どれだけの報告が聞けるだろうかと、いくらかの緊張をもって言葉を迎えた。
「調査初日、獣人の幼女とともに主人がアリさん遊びに興じる」
「……はぁ?」
しばらくの間、時が止まったような静寂が訪れた。
戦力は、武器は、敵の性格や癖は、他の国の息がかかっているかなど、意味のある情報を期待していたのだが。

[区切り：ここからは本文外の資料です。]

definition condK :: "real \<Rightarrow> real \<Rightarrow> real \<Rightarrow> real \<Rightarrow> bool" where
  "condK \<mu> \<sigma> \<alpha> k \<longleftrightarrow> k \<le> Kbound \<mu> \<sigma> \<alpha>"

definition condK_rev :: "real \<Rightarrow> real \<Rightarrow> real \<Rightarrow> real \<Rightarrow> bool" where
  "condK_rev \<mu> \<sigma> \<alpha> k \<longleftrightarrow> k \<ge> Kbound \<mu> \<sigma> \<alpha>"

definition G :: "real \<Rightarrow> real \<Rightarrow> real \<Rightarrow> real \<Rightarrow> real" where
  "G \<mu> \<sigma> \<alpha> y = r1 \<mu> \<sigma> \<alpha> * exp (r1 \<mu> \<sigma> \<alpha> * y) - r2 \<mu> \<sigma> \<alpha> * exp (r2 \<mu> \<sigma> \<alpha> * y)"

end

theory Submission
  imports Defs
begin

text \<open>Write p = r1, q = r2, f y = p exp(-q y) - q exp(-p y), so that f b** = k (p - q), and
  g y = p exp(p y) - q exp(q y), which is G. The identity
    g y f y - (p - q)^2 = p^2 (1 - exp(-(p - q) y)) (exp((p - q) y) - exp((p - q) b*))
  shows that for y > 0 the product g f stays below (p - q)^2 exactly when y \<le> b*. At y = b** this
  compares G(b**) with (p - q)/k. At y = b* it gives (p - q)/G(b*) = f(b*)/(p - q), which is the
  bound in (K); hence (K) reads f(b**) \<le> f(b*), i.e. b** \<le> b*, because f increases on [0, \<infinity>).
  The derivative of g is p^2 exp(q y) (exp((p - q) y) - exp((p - q) b*)), so g decreases up to b* and
  then increases without bound; this gives (V) and the unique crossing of (VI). Finally
  H(0) = ((p - q) - k G(b)) / (-p q (exp(p b) - exp(q b))) gives (II), and the two branches of H
  join with slope 1 at b, the exponential branch having positive slope below b.\<close>

locale root_pair =
  fixes p q :: real
  assumes p_pos: "0 < p" and q_neg: "q < 0" and sum_neg: "p + q < 0"
begin

definition f :: "real \<Rightarrow> real" where
  "f y = p * exp (- q * y) - q * exp (- p * y)"

definition g :: "real \<Rightarrow> real" where
  "g y = p * exp (p * y) - q * exp (q * y)"

definition b_star :: real where
  "b_star = ln (q\<^sup>2 / p\<^sup>2) / (p - q)"

lemma diff_pos: "0 < p - q"
  using p_pos q_neg by linarith

lemma b_star_pos: "0 < b_star"
proof -
  have "p\<^sup>2 < (- q)\<^sup>2"
    using p_pos sum_neg by (intro power_strict_mono) auto
  hence "1 < q\<^sup>2 / p\<^sup>2"
    using p_pos by simp
  thus ?thesis
    unfolding b_star_def using diff_pos by simp
qed

lemma exp_b_star: "exp ((p - q) * b_star) = q\<^sup>2 / p\<^sup>2"
  unfolding b_star_def using diff_pos p_pos q_neg by simp

lemma f_0: "f 0 = p - q"
  unfolding f_def by simp

lemma f_pos: "0 < f y" and g_pos: "0 < g y"
  unfolding f_def g_def using p_pos q_neg
  by (smt (verit) exp_gt_zero mult_neg_pos mult_pos_pos)+

lemma continuous_on_f: "continuous_on S f"
  and continuous_on_g: "continuous_on S g"
  unfolding f_def g_def by (intro continuous_intros)+

lemma f_strict_mono:
  assumes "0 \<le> x" "x < y"
  shows "f x < f y"
proof (rule DERIV_pos_imp_increasing_open[OF \<open>x < y\<close> _ continuous_on_f])
  fix t assume "x < t" "t < y"
  hence "exp (- p * t) < exp (- q * t)"
    using assms p_pos q_neg by (simp add: mult_strict_right_mono)
  hence "0 < p * q * (exp (- p * t) - exp (- q * t))"
    using p_pos q_neg by (intro mult_neg_neg mult_pos_neg) auto
  moreover have "(f has_real_derivative p * q * (exp (- p * t) - exp (- q * t))) (at t)"
    unfolding f_def by (rule derivative_eq_intros refl | simp)+ (simp add: algebra_simps)
  ultimately show "\<exists>d. (f has_real_derivative d) (at t) \<and> 0 < d"
    by blast
qed

lemma f_le_iff: "0 \<le> x \<Longrightarrow> 0 \<le> y \<Longrightarrow> f x \<le> f y \<longleftrightarrow> x \<le> y"
  using f_strict_mono[of x y] f_strict_mono[of y x] by (cases x y rule: linorder_cases) auto

lemma ex1_f_eq:
  assumes "p - q < c"
  shows "\<exists>!b. 0 < b \<and> f b = c"
proof -
  define Y where "Y = c / (- p * q)"
  have "0 < - p * q"
    using p_pos q_neg by (simp add: mult_pos_neg)
  hence "0 < Y"
    unfolding Y_def using assms diff_pos by (intro divide_pos_pos) auto
  have "p * (1 - q * Y) \<le> p * exp (- q * Y)"
    using exp_ge_add_one_self[of "- q * Y"] p_pos by simp
  moreover have "p * (1 - q * Y) = p + c"
    unfolding Y_def using p_pos q_neg by (simp add: field_simps)
  moreover have "0 < - q * exp (- p * Y)"
    using q_neg by (simp add: mult_neg_pos)
  ultimately have "c \<le> f Y"
    unfolding f_def using p_pos by linarith
  then obtain b where b: "0 \<le> b" "b \<le> Y" "f b = c"
    using IVT'[of f 0 c Y] f_0 assms \<open>0 < Y\<close> continuous_on_f by force
  with f_0 assms have "0 < b"
    by (cases "b = 0") auto
  moreover have "b' = b" if "0 < b'" "f b' = c" for b'
    using f_le_iff[of b b'] f_le_iff[of b' b] that b by auto
  ultimately show ?thesis
    using b by blast
qed

lemma g_f_minus_square:
  "g y * f y - (p - q)\<^sup>2
     = p\<^sup>2 * (1 - exp (- (p - q) * y)) * (exp ((p - q) * y) - exp ((p - q) * b_star))"
proof -
  have "exp ((p - q) * y) * exp (- (p - q) * y) = 1"
    by (simp flip: exp_add add: algebra_simps)
  moreover have "exp (p * y) * exp (- q * y) = exp ((p - q) * y)"
    "exp (q * y) * exp (- p * y) = exp (- (p - q) * y)"
    "exp (p * y) * exp (- p * y) = 1" "exp (q * y) * exp (- q * y) = 1"
    by (simp_all flip: exp_add add: algebra_simps)
  ultimately show ?thesis
    unfolding g_def f_def exp_b_star using p_pos
    by (simp add: field_simps power2_eq_square)
qed

lemma g_f_b_star: "g b_star * f b_star = (p - q)\<^sup>2"
  using g_f_minus_square[of b_star] by simp

lemma g_f_le_iff: "0 < y \<Longrightarrow> g y * f y \<le> (p - q)\<^sup>2 \<longleftrightarrow> y \<le> b_star"
  and g_f_ge_iff: "0 < y \<Longrightarrow> (p - q)\<^sup>2 \<le> g y * f y \<longleftrightarrow> b_star \<le> y"
proof -
  assume "0 < y"
  define c where "c = p\<^sup>2 * (1 - exp (- (p - q) * y))"
  have "exp (- (p - q) * y) < 1"
    using \<open>0 < y\<close> diff_pos by (simp add: mult_neg_pos)
  hence "0 < c"
    unfolding c_def using p_pos by simp
  moreover have "g y * f y - (p - q)\<^sup>2 = c * (exp ((p - q) * y) - exp ((p - q) * b_star))"
    unfolding c_def g_f_minus_square ..
  moreover have "exp ((p - q) * y) \<le> exp ((p - q) * b_star) \<longleftrightarrow> y \<le> b_star"
    "exp ((p - q) * b_star) \<le> exp ((p - q) * y) \<longleftrightarrow> b_star \<le> y"
    using diff_pos by simp_all
  ultimately show "g y * f y \<le> (p - q)\<^sup>2 \<longleftrightarrow> y \<le> b_star"
    "(p - q)\<^sup>2 \<le> g y * f y \<longleftrightarrow> b_star \<le> y"
    by (smt (verit) mult_le_0_iff zero_le_mult_iff)+
qed

lemma g_derivative_factor:
  "p\<^sup>2 * exp (p * t) - q\<^sup>2 * exp (q * t)
     = p\<^sup>2 * exp (q * t) * (exp ((p - q) * t) - exp ((p - q) * b_star))"
  unfolding exp_b_star using p_pos
  by (simp add: field_simps left_diff_distrib exp_diff)

lemma has_real_derivative_g: "(g has_real_derivative p\<^sup>2 * exp (p * t) - q\<^sup>2 * exp (q * t)) (at t)"
  unfolding g_def
  by (rule derivative_eq_intros refl | simp)+ (simp add: algebra_simps power2_eq_square)

lemma g_strict_antimono:
  assumes "x < y" "y \<le> b_star"
  shows "g y < g x"
proof (rule DERIV_neg_imp_decreasing_open[OF \<open>x < y\<close> _ continuous_on_g])
  fix t assume "x < t" "t < y"
  hence "exp ((p - q) * t) < exp ((p - q) * b_star)"
    using assms diff_pos by simp
  hence "p\<^sup>2 * exp (p * t) - q\<^sup>2 * exp (q * t) < 0"
    unfolding g_derivative_factor using p_pos by (simp add: mult_pos_neg)
  thus "\<exists>d. (g has_real_derivative d) (at t) \<and> d < 0"
    using has_real_derivative_g by blast
qed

想定外の内容に、さすがのトルキンも二の句が告げずにいた。
「ご説明いたしますと、アリさん遊びとは人差し指でこうツノをつくって」
「解説なんかいらねえ!」
「あがってきた報告書に書かれていますので」
「そんな情報なんか要るかッ! 読み飛ばせ!」
「初日は以上ですね」
「終わりかよ!」
クライスに目立った落ち度は無い。
それでもそのマイペースぶりに、トルキンはイラッときてしまうのである。
上役の怒り顔を物ともせず、平坦な声による報告は続いた。
「では二日目です。午前から注視しているが、誰も家から出て来ない。気配を極力殺して中を覗くと、手下の女3人とその主人が居た。薄暗い部屋の中で、彼らが身を寄せ会う姿を確認した」
「な……なんだ。何らかの呪術か?」
トルキンは緊張からゴクリと唾を飲んだ。
脂汗が額や背筋を流れていく。
何せ相手は正体不明の強者である。
人智を超えた力を行使しても、何ら不思議ではない。
「3人の中で誰の胸が一番好みなのか迫っている。答えない主人にしびれを切らした一人が勢いよく裸になろうとする。それを主人が唐竹割りで阻止したのち、部屋に逃げ込んだ」
「だからそんな情報はいらねえんだよ!」
「おやおや、さっき生唾を飲み込んでましたよね? エロいこと考えてたんですかークスクス」
「ぶっ殺すぞお前!」
「ちなみに夜はもっとすごいですよ? 聞きたいですか?」
「戦力の話をしろ!」
それからも報告を一通り聞いたが、有用なものは1つとして無かった。
これだけで金貨50枚。
まんまと金をせしめた情報屋に対して、彼は強く憤った。
そしてこの状況下でふざけた態度でいる、クライスにも怒りの矛先が向いた。
「クライス。てめぇは今日限りだ。そのまま路頭に迷ってくたばっちまえ!」
卓上のインク瓶が投げつけられる。
追って罷免まで告げられたクライスは落胆し、無様に取り乱す。
……なんて事にはならず。
先程と変わらない平坦な声で返した。
「そうですか、短い間でしたがお世話になりました」
そして静かに退出していった。
しかもスキップつきで。
『お暇をもらったヤッホッホーィ』という声までもが続いて聞こえてくる。
トルキンは頭痛を覚えたように、頭を抱え込んでしまった。
ーーこうなったら奥の手を切るしかない。
状況に焦れた結果、ひとつの決断が成された。
近くに控えていた奴隷に命が飛ぶ。
「狂犬の牙どもに通達だ。豊穣の森を制圧しろとな」
コントロールが一切効かない、快楽殺人集団である狂犬の牙。
肩書きは傭兵だが、その禍々しい性質や経歴はその範疇に全く収まっていない。
豊穣の森が荒らされるリスクもあるのだが、もはや手段を選ぶことを止めたのだ。
ーー最強のカードで奴らを皆殺しにしてやる。
トルキンは狂気に目を染めあげ、誰も居なくなった室内をぼんやりと眺めていた。